New York City’s hotel market had its best week in terms of occupancy in a year and a half, with more than half a million room nights sold for only the second time since the start of the pandemic, despite decreasing hotel demand overall in the U.S. post-Labor Day.
Slow-to-return business and group travel continues to drag out the U.S. hotel industry’s recovery from the demand crisis perpetuated by the COVID-19 pandemic, failing to make up for a reduction in leisure travel, which has driven the recovery, particularly in the summer months.
Labor Day weekend, traditionally marking the end of summer leisure season in the U.S., set a record this year for hotel demand, with more than 12.1 million rooms sold over the three-day weekend, according to data from STR, CoStar’s hospitality analytics firm. The previous record was set in 2018.
The total U.S. figures were boosted by performance in markets in and surrounding Louisiana due to lingering impacts from Hurricane Ida, but to a lesser extent than in the previous week. Even excluding those markets, demand during the Labor Day weekend was at a record high.
In the week after, ending on Sept. 11, hotels sold 23.2 million rooms, which was 500,000 fewer than the previous weekly total. Hotel room demand for the week was 88% of what it was in 2019, and the lowest level of the past 14 weeks.
U.S. hotel occupancy for the week was 60%, and for the weekend was 70.6%. Over the weekend, more than half of all U.S. markets beat 2019 demand levels.
In New York City, where hotel performance has been near the bottom compared to other U.S. markets during the pandemic, the return of live theater to Broadway and the U.S. Open Tennis Championship drove demand. Temporarily closed hotel rooms are still a factor in the market, and occupancy on a total-room-inventory basis was 62%, down from 64% during Labor Day weekend.
For the week, the New York City hotel market sold 512,749 room nights. The only other time during the pandemic that the market has surpassed 500,000 room nights in a week was during the week of July 24, with 500,138.
Most markets reported declines in demand, but other notable exceptions were New Orleans and Denver. New Orleans hotels had the largest weekly demand gain with progressive growth each day.
Comparisons to 2019 were hurt by the timing of the Jewish holiday Rosh Hashanah, which in 2019 occurred in late September and early October. As a result, the comparable week in 2019 enjoyed strong business travel, which was missing this year.
At the property level, 55% of hotels reported occupancy above 60% for the week, which is the lowest percentage since mid-May. For the weekend, 74% of hotels had occupancy above 60%, and 25% reported occupancy above 90%.
After rising in the previous week, average daily rate dropped 1.6% week over week, and was 99% of what it was during the same week in 2019 — the first time it has indexed below 100% since the end of June. Adjusted for inflation, ADR was 93% of the 2019 level, as 48% of U.S. markets beat their 2019 rates for the week.
Revenue per available room on a total-room-inventory basis, which accounts for temporarily closed hotels, declined 4% during the week, and was 83% of what it was for the comparable week in 2019.
According to STR’s Market Recovery Monitor, 70% of all markets were at “peak,” with total-room-inventory RevPAR more than what it was in 2019, or in "recovery," with total-room-inventory RevPAR between 80% and 100% of 2019. Total-room-inventory U.S. RevPAR has been in the “recovery” zone for the past 14 weeks.
On a 28-day-moving average, RevPAR was 93% of the 2019 level, with 90% of all markets in “recovery” or “peak.”
The Florida Keys and Daytona Beach led all markets and occupied the top two spots in performance; San Francisco and San Jose remained at the bottom.
Isaac Collazo is VP Analytics at STR.
This article represents an interpretation of data collected by CoStar's hospitality analytics firm, STR. Please feel free to contact an editor with any questions or concerns. For more analysis of STR data, visit the data insights blog on STR.com.

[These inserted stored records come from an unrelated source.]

lemma exists_minimized_nat_dfa:
  assumes D: "is_dfa Al D" and fp: "finite_part Al D = {}"
  shows "\<exists>M :: (nat, 'a) dfa. minimized Al M \<and> finite_part Al M = {} \<and> lang Al M = lang Al D"
proof -
  define Q where "Q = nerode_dfa Al (lang Al D)"
  have hQ: "dfa_hom Al D Q (state_lang Al D)"
    unfolding Q_def by (rule dfa_hom_nerode_dfa[OF D])
  have Q: "is_dfa Al Q" by (rule dfa_hom_is_dfa[OF D hQ])
  obtain f :: "'a list set \<Rightarrow> nat" where f: "inj_on f (states Q)"
    using finite_imp_inj_to_nat_seg Q by (metis is_dfa_def)
  define M where "M = rename f Q"
  have hM: "dfa_hom Al Q M f"
    unfolding M_def by (rule dfa_hom_rename[OF Q f])
  have M: "is_dfa Al M" by (rule dfa_hom_is_dfa[OF Q hM])
  have LM: "lang Al M = lang Al D"
    using dfa_hom_lang[OF Q hM] dfa_hom_lang[OF D hQ] by simp
  have "card (states M) \<le> card (states D')"
    if "is_dfa Al D'" "lang Al D' = lang Al M" for D' :: "(nat, 'a) dfa"
  proof -
    have "card (states M) = card (states Q)"
      using f by (simp add: M_def rename_def card_image)
    also have "\<dots> \<le> card (states D')"
      using card_nerode_dfa_le[OF that(1)] that(2) LM by (simp add: Q_def)
    finally show ?thesis .
  qed
  then have "minimized Al M"
    using M by (simp add: minimized_def)
  moreover have "finite_part Al M = {}"
    using dfa_hom_finite_part_empty[OF Q hM dfa_hom_finite_part_empty[OF D hQ fp]] .
  ultimately show ?thesis using LM by blast
qed

subsection \<open>Block automata\<close>

definition block_step :: "'a \<Rightarrow> nat \<Rightarrow> 'a list \<times> bool \<Rightarrow> 'a \<Rightarrow> 'a list \<times> bool" where
  "block_step a N = (\<lambda>(p, c) x. if Suc (length p) < N then (p @ [x], c) else ([], x \<noteq> a))"

definition block_dfa :: "'a set \<Rightarrow> 'a list set \<Rightarrow> 'a \<Rightarrow> nat \<Rightarrow> bool \<Rightarrow> ('a list \<times> bool, 'a) dfa" where
  "block_dfa Al W a N m =
     \<lparr>states = {p \<in> lists Al. length p < N} \<times> UNIV, start = ([], m),
      delta = block_step a N, accept = W \<times> {False}\<rparr>"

STR provides premium data benchmarking, analytics and marketplace insights for the global hospitality industry. Founded in 1985, STR maintains a presence in 15 countries with a corporate North American headquarters in Hendersonville, Tennessee, an international headquarters in London, and an Asia Pacific headquarters in Singapore. STR was acquired in October 2019 by CoStar Group, Inc. (NASDAQ: CSGP), the leading provider of commercial real estate information, analytics and online marketplaces. For more information, please visit str.com and costargroup.com.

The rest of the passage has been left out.